Белые пятна — страница 43 из 74

Диагноз

Шел третий день нового года. Начались каникулы. Для школьников — не для учителей. С утра учитель истории девятой новочебоксарской школы Вячеслав Николаевич Потемкин был на работе: политчас, методическое совещание, оборудование кабинета к предстоящим урокам.

Потом наступил обеденный перерыв. Учителю было не до обеда: болела двухлетняя дочь. Жил он тут же, в школьном дворе: крохотная квартирка при учебной теплице служила временным пристанищем, ее дали, чтобы только не потерять нужного школе специалиста. Подходила очередь на благоустроенное жилье: молодая семья готовилась к новоселью.

Вячеслав Николаевич примчался домой проведать свою Олесю. Я говорю «примчался» не потому, что это первое слово, пришедшее в голову, он действительно был непоседа, вечно куда-то спешил, даже по лестнице не шел, а бежал…

Примчался — дочери не полегчало: простудилась на сквозняке.
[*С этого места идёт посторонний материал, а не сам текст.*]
lemma ennpow_expavg_le:
  fixes f :: "complex \<Rightarrow> complex" and s :: real
  assumes f [measurable]: "f \<in> borel_measurable borel" and s: "0 < s"
    and I: "is_interval I" "bounded I" "Qbox I \<noteq> {}" and \<alpha>: "-1 < \<alpha>"
  shows "ennpow (expavg \<alpha> f I) s * ennreal (Qmeas \<alpha> I) \<le> wint \<alpha> (Qbox I) (\<lambda>w. ennreal (norm (f w) powr s))"
proof -
  define m where "m = Qmeas \<alpha> I"
  define A where "A = wint \<alpha> (Qbox I) (\<lambda>w. logpos (f w))"
  define B where "B = wint \<alpha> (Qbox I) (\<lambda>w. logneg (f w))"
  define E where "E = wint \<alpha> (Qbox I) (\<lambda>w. ennreal (norm (f w) powr s))"
  have [measurable]: "Qbox I \<in> sets borel"
    using I bounded_interval_sets Qbox_nonemptyD by auto
  have m: "0 < m" and Q: "wint \<alpha> (Qbox I) (\<lambda>_. 1) = ennreal m"
    using Qmeas_eq[OF I \<alpha>] wint_Qbox_one[OF I \<alpha>] Qbox_nonemptyD(2)[OF I(3)] \<alpha> by (auto simp: m_def)
  consider "B = \<infinity>" | "B \<noteq> \<infinity>" "A = \<infinity>" | P N where "A = ennreal P" "B = ennreal N" "0 \<le> P" "0 \<le> N"
    by (cases A rule: ennreal_cases; cases B rule: ennreal_cases) auto
  then show ?thesis
  proof cases
    case 1
    then show ?thesis
      using s by (simp add: expavg_def A_def B_def ennpow_def)
  next
    case 2
    have "ennreal s * A \<le> E"
      unfolding A_def E_def using s by (subst wint_cmult[symmetric]) (auto intro: wint_mono logpos_le_norm_powr)
    then show ?thesis
      using 2 s by (simp add: expavg_def A_def[symmetric] B_def[symmetric] E_def[symmetric] ennpow_def
          ennreal_mult_top top_unique)
  next
    case (3 P N)
    define d where "d = s * ((P - N) / m)"
    have "ennpow (expavg \<alpha> f I) s = ennreal (exp d)"
      using 3 by (simp add: expavg_def A_def[symmetric] B_def[symmetric] m_def[symmetric] ennpow_def d_def powr_def)
    moreover have "ennreal s * A + ennreal (max 0 (-d)) * ennreal m = ennreal s * B + ennreal (max 0 d) * ennreal m"
    proof -
      have "d * m = s * P - s * N"
        using m by (simp add: d_def field_simps)
      then have "s * P + max 0 (-d) * m = s * N + max 0 d * m"
        by (cases "0 \<le> d") (auto simp: max_def algebra_simps)
      then show ?thesis
        using 3 s m by (simp add: ennreal_mult[symmetric] ennreal_plus[symmetric] del: ennreal_plus ennreal_mult')
    qed
    ultimately show ?thesis
      using wint_exp_tangent_le[OF f \<open>Qbox I \<in> sets borel\<close> Q s, of d] 3
      by (simp add: A_def[symmetric] B_def[symmetric] E_def[symmetric] m_def[symmetric] mult.commute[of _ "ennreal m"]
          ennreal_mult_eq_top_iff add.commute[of _ E] ennreal_add_left_cancel_le
          ennreal_mult[symmetric] ennreal_plus[symmetric] del: ennreal_plus ennreal_mult')
  qed
qed

section \<open>The maximal inequality\<close>

lemma ennpow_mono:
  assumes xy: "x \<le> y" and q: "0 < q"
  shows "ennpow x q \<le> ennpow y q"
proof (cases y rule: ennreal_cases)
  case (real r)
  with xy obtain t where t: "x = ennreal t" "0 \<le> t" "t \<le> r"
    by (cases x rule: ennreal_cases) (auto simp: top_unique)
  then have "t powr q \<le> r powr q"
    using q by (intro powr_mono2) auto
  then show ?thesis
    using t real by (simp add: ennpow_def)
qed (simp add: ennpow_def)

lemma ennpow_cmult: "0 < c \<Longrightarrow> ennpow (ennreal c * y) q = ennreal (c powr q) * ennpow y q"
  by (cases y rule: ennreal_cases) (auto simp: ennpow_def ennreal_mult_top ennreal_mult[symmetric] powr_mult simp del: ennreal_mult')

lemma ennpow_mult_2: "ennpow x (2 * s) = (ennpow x s)\<^sup>2"
proof (cases x rule: ennreal_cases)
  case (real t)
  have "t powr (2 * s) = (t powr s)\<^sup>2"
    by (simp add: power2_eq_square powr_add[symmetric])
  then show ?thesis
    using real by (simp add: ennpow_def ennreal_power)
qed (simp add: ennpow_def)

lemma ennpow_Sup_le:
  assumes s: "0 < s" and le: "\<And>x. x \<in> X \<Longrightarrow> ennpow x s \<le> c"
  shows "ennpow (Sup X) s \<le> c"
proof (cases c rule: ennreal_cases)
  case (real r)
  note r = this
  have "x \<le> ennreal (r powr (1 / s))" if "x \<in> X" for x
  proof (cases x rule: ennreal_cases)
    case (real t)
    then have "(t powr s) powr (1 / s) \<le> r powr (1 / s)"
      using le[OF that] s r by (intro powr_mono2) (auto simp: ennpow_def)
    then show ?thesis
      using real s by (simp add: powr_powr)
  qed (use le[OF that] r in \<open>simp add: ennpow_def top_unique\<close>)
  then have "ennpow (Sup X) s \<le> ennpow (ennreal (r powr (1 / s))) s"
    using s by (intro ennpow_mono Sup_least) auto
  then show ?thesis
    using r s by (simp add: ennpow_def powr_powr)
qed simp

lemma ennpow_Mexp_le:
  fixes f :: "complex \<Rightarrow> complex"
  assumes f [measurable]: "f \<in> borel_measurable borel" and s: "0 < s" and \<alpha>: "-1 < \<alpha>"
  shows "ennpow (Mexp \<alpha> f z) s \<le> ennreal (\<alpha> + 1) * box_operator \<alpha> (\<lambda>w. ennreal (norm (f w) powr s)) z"
  unfolding Mexp_def
proof (rule ennpow_Sup_le[OF s], clarify)
  fix I assume I: "is_interval I" "bounded I" "z \<in> Qbox I"
  define m where "m = ilen I powr (\<alpha> + 2) / (\<alpha> + 1)"
  have "Qbox I \<noteq> {}"
    using I by auto
  moreover have "0 < ilen I"
    using Qbox_nonemptyD(2)[OF \<open>Qbox I \<noteq> {}\<close>] .
  ultimately have m: "0 < m" "Qmeas \<alpha> I = m"
    using Qmeas_eq I \<alpha> by (auto simp: m_def)
  have "ennreal m * ennpow (expavg \<alpha> f I) s \<le> wint \<alpha> (Qbox I) (\<lambda>w. ennreal (norm (f w) powr s))"
    using ennpow_expavg_le[OF f s I(1,2) \<open>Qbox I \<noteq> {}\<close> \<alpha>] m by (simp add: mult.commute)
  also have "\<dots> \<le> ennreal (ilen I powr (\<alpha> + 2)) * box_operator \<alpha> (\<lambda>w. ennreal (norm (f w) powr s)) z"
    using I \<alpha> by (intro wint_Qbox_le_box_operator) auto
  also have "ennreal (ilen I powr (\<alpha> + 2)) = ennreal m * ennreal (\<alpha> + 1)"
    using \<alpha> m by (simp add: m_def ennreal_mult[symmetric] del: ennreal_mult')
  finally show "ennpow (expavg \<alpha> f I) s \<le> ennreal (\<alpha> + 1) * box_operator \<alpha> (\<lambda>w. ennreal (norm (f w) powr s)) z"
    using m by (simp add: mult.assoc ennreal_mult_le_mult_iff)
qed

lemma wint_ennpow_Mexp_le:
  fixes f :: "complex \<Rightarrow> complex"
  assumes f [measurable]: "f \<in> borel_measurable borel" and p: "0 < p" and \<alpha>: "-1 < \<alpha>"
  shows "wint \<alpha> UNIV (\<lambda>z. ennpow (Mexp \<alpha> f z) p)
    \<le> ennreal ((8 * (\<alpha> + 2) / (\<alpha> + 1))\<^sup>2) * wint \<alpha> UNIV (\<lambda>z. ennpow (ennreal (norm (f z))) p)"
proof -
  define h where "h w = ennreal (norm (f w) powr (p / 2))" for w
  have [measurable]: "h \<in> borel_measurable borel"
    unfolding h_def by measurable
  have "wint \<alpha> UNIV (\<lambda>z. ennpow (Mexp \<alpha> f z) p) \<le> wint \<alpha> UNIV (\<lambda>z. ennreal ((\<alpha> + 1)\<^sup>2) * (box_operator \<alpha> h z)\<^sup>2)"
  proof (rule wint_mono)
    fix z
    have "ennpow (Mexp \<alpha> f z) p = (ennpow (Mexp \<alpha> f z) (p / 2))\<^sup>2"
      using ennpow_mult_2[of _ "p / 2"] by simp
    also have "\<dots> \<le> (ennreal (\<alpha> + 1) * box_operator \<alpha> h z)\<^sup>2"
      unfolding h_def using p \<alpha> by (intro power_mono ennpow_Mexp_le) auto
    finally show "ennpow (Mexp \<alpha> f z) p \<le> ennreal ((\<alpha> + 1)\<^sup>2) * (box_operator \<alpha> h z)\<^sup>2"
      using \<alpha> by (simp add: power_mult_distrib ennreal_power)
  qed
  also have "\<dots> = ennreal ((\<alpha> + 1)\<^sup>2) * (\<integral>\<^sup>+z. (box_operator \<alpha> h z)\<^sup>2 \<partial>dV \<alpha>)"
    by (simp add: wint_UNIV_eq_nn_integral_dV nn_integral_cmult)
  also have "\<dots> \<le> ennreal ((\<alpha> + 1)\<^sup>2) * (ennreal ((8 * (\<alpha> + 2) / (\<alpha> + 1)\<^sup>2)\<^sup>2) * (\<integral>\<^sup>+w. (h w)\<^sup>2 \<partial>dV \<alpha>))"
    using \<alpha> by (intro mult_left_mono box_operator_L2_le) auto
  also have "ennreal ((\<alpha> + 1)\<^sup>2) * (ennreal ((8 * (\<alpha> + 2) / (\<alpha> + 1)\<^sup>2)\<^sup>2) * (\<integral>\<^sup>+w. (h w)\<^sup>2 \<partial>dV \<alpha>))
      = ennreal ((8 * (\<alpha> + 2) / (\<alpha> + 1))\<^sup>2) * (\<integral>\<^sup>+w. (h w)\<^sup>2 \<partial>dV \<alpha>)"
    using \<alpha> by (simp add: ennreal_mult[symmetric] power2_eq_square mult.assoc[symmetric] del: ennreal_mult')
  also have "(\<integral>\<^sup>+w. (h w)\<^sup>2 \<partial>dV \<alpha>) = wint \<alpha> UNIV (\<lambda>z. ennpow (ennreal (norm (f z))) p)"
    by (simp add: wint_UNIV_eq_nn_integral_dV h_def ennpow_def power2_eq_square ennreal_mult[symmetric]
        powr_add[symmetric] del: ennreal_mult')
  finally show ?thesis .
qed

lemma wnorm_Mexp_le:
  fixes f :: "complex \<Rightarrow> complex"
  assumes f: "f \<in> borel_measurable borel" and p: "0 < p" and \<alpha>: "-1 < \<alpha>"
  shows "wnorm p \<alpha> (Mexp \<alpha> f)
    \<le> ennreal ((8 * (\<alpha> + 2) / (\<alpha> + 1))\<^sup>2 powr (1 / p)) * wnorm p \<alpha> (\<lambda>z. ennreal (norm (f z)))"
proof -
  have "wnorm p \<alpha> (Mexp \<alpha> f)
      \<le> ennpow (ennreal ((8 * (\<alpha> + 2) / (\<alpha> + 1))\<^sup>2) * wint \<alpha> UNIV (\<lambda>z. ennpow (ennreal (norm (f z))) p)) (1 / p)"
    unfolding wnorm_def using wint_ennpow_Mexp_le[OF f p \<alpha>] p by (intro ennpow_mono) auto
  also have "\<dots> = ennreal ((8 * (\<alpha> + 2) / (\<alpha> + 1))\<^sup>2 powr (1 / p)) * wnorm p \<alpha> (\<lambda>z. ennreal (norm (f z)))"
    unfolding wnorm_def using \<alpha> by (intro ennpow_cmult) simp
  finally show ?thesis .
qed

lemma Mexp_cong_Hplane:
  "(\<And>w. w \<in> Hplane \<Longrightarrow> f w = g w) \<Longrightarrow> Mexp \<alpha> f = Mexp \<alpha> g"
  unfolding Mexp_def expavg_def
  by (intro ext SUP_cong refl arg_cong2[where f=Let] ext) (simp_all cong: wint_cong_Hplane)

theorem lemma4p12:
  fixes p \<alpha> :: real
  assumes "0 < p" and "\<alpha> > -1"
  shows "\<exists>C::real. C > 0 \<and>
    (\<forall>f :: complex \<Rightarrow> complex. set_borel_measurable lborel Hplane f \<longrightarrow>
       wnorm p \<alpha> (Mexp \<alpha> f) \<le> ennreal (C powr (1 / p)) * wnorm p \<alpha> (\<lambda>z. ennreal (norm (f z))))"
proof (intro exI conjI allI impI)
  show "0 < (8 * (\<alpha> + 2) / (\<alpha> + 1))\<^sup>2"
    using assms(2) by simp
  fix f :: "complex \<Rightarrow> complex"
  assume "set_borel_measurable lborel Hplane f"
  then have g: "(\<lambda>z. indicator Hplane z *\<^sub>R f z) \<in> borel_measurable borel"
    by (simp add: set_borel_measurable_def)
  have "Mexp \<alpha> f = Mexp \<alpha> (\<lambda>z. indicator Hplane z *\<^sub>R f z)"
    by (rule Mexp_cong_Hplane) simp
  moreover have "wnorm p \<alpha> (\<lambda>z. ennreal (norm (f z))) = wnorm p \<alpha> (\<lambda>z. ennreal (norm (indicator Hplane z *\<^sub>R f z)))"
    unfolding wnorm_def by (simp cong: wint_cong_Hplane)
  ultimately show "wnorm p \<alpha> (Mexp \<alpha> f)
      \<le> ennreal ((8 * (\<alpha> + 2) / (\<alpha> + 1))\<^sup>2 powr (1 / p)) * wnorm p \<alpha> (\<lambda>z. ennreal (norm (f z)))"
    using wnorm_Mexp_le[OF g assms] by simp
qed

end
Нужен врач!.. Телефона в квартире нет, да и был бы — не дозвониться. «Я мигом слетаю!» — сказал уже на ходу. «И купи молока!» — крикнула вдогонку жена.

Обычно так: девочка в детском саду, жена — на работе. Сегодня осталась с Олесей. Вроде бы дело обычное, какая мать не выхаживает больного ребенка? Да работа у Валентины Геннадьевны необычная — она диктор Чувашского телевидения. Все мысли там, в студии: найдут ли замену? Через несколько часов передача.

Девочка плакала: болело горло. Взяла ее на руки, прижала к себе, успокоила: «Папа принесет молока, выпьешь теплое с медом…»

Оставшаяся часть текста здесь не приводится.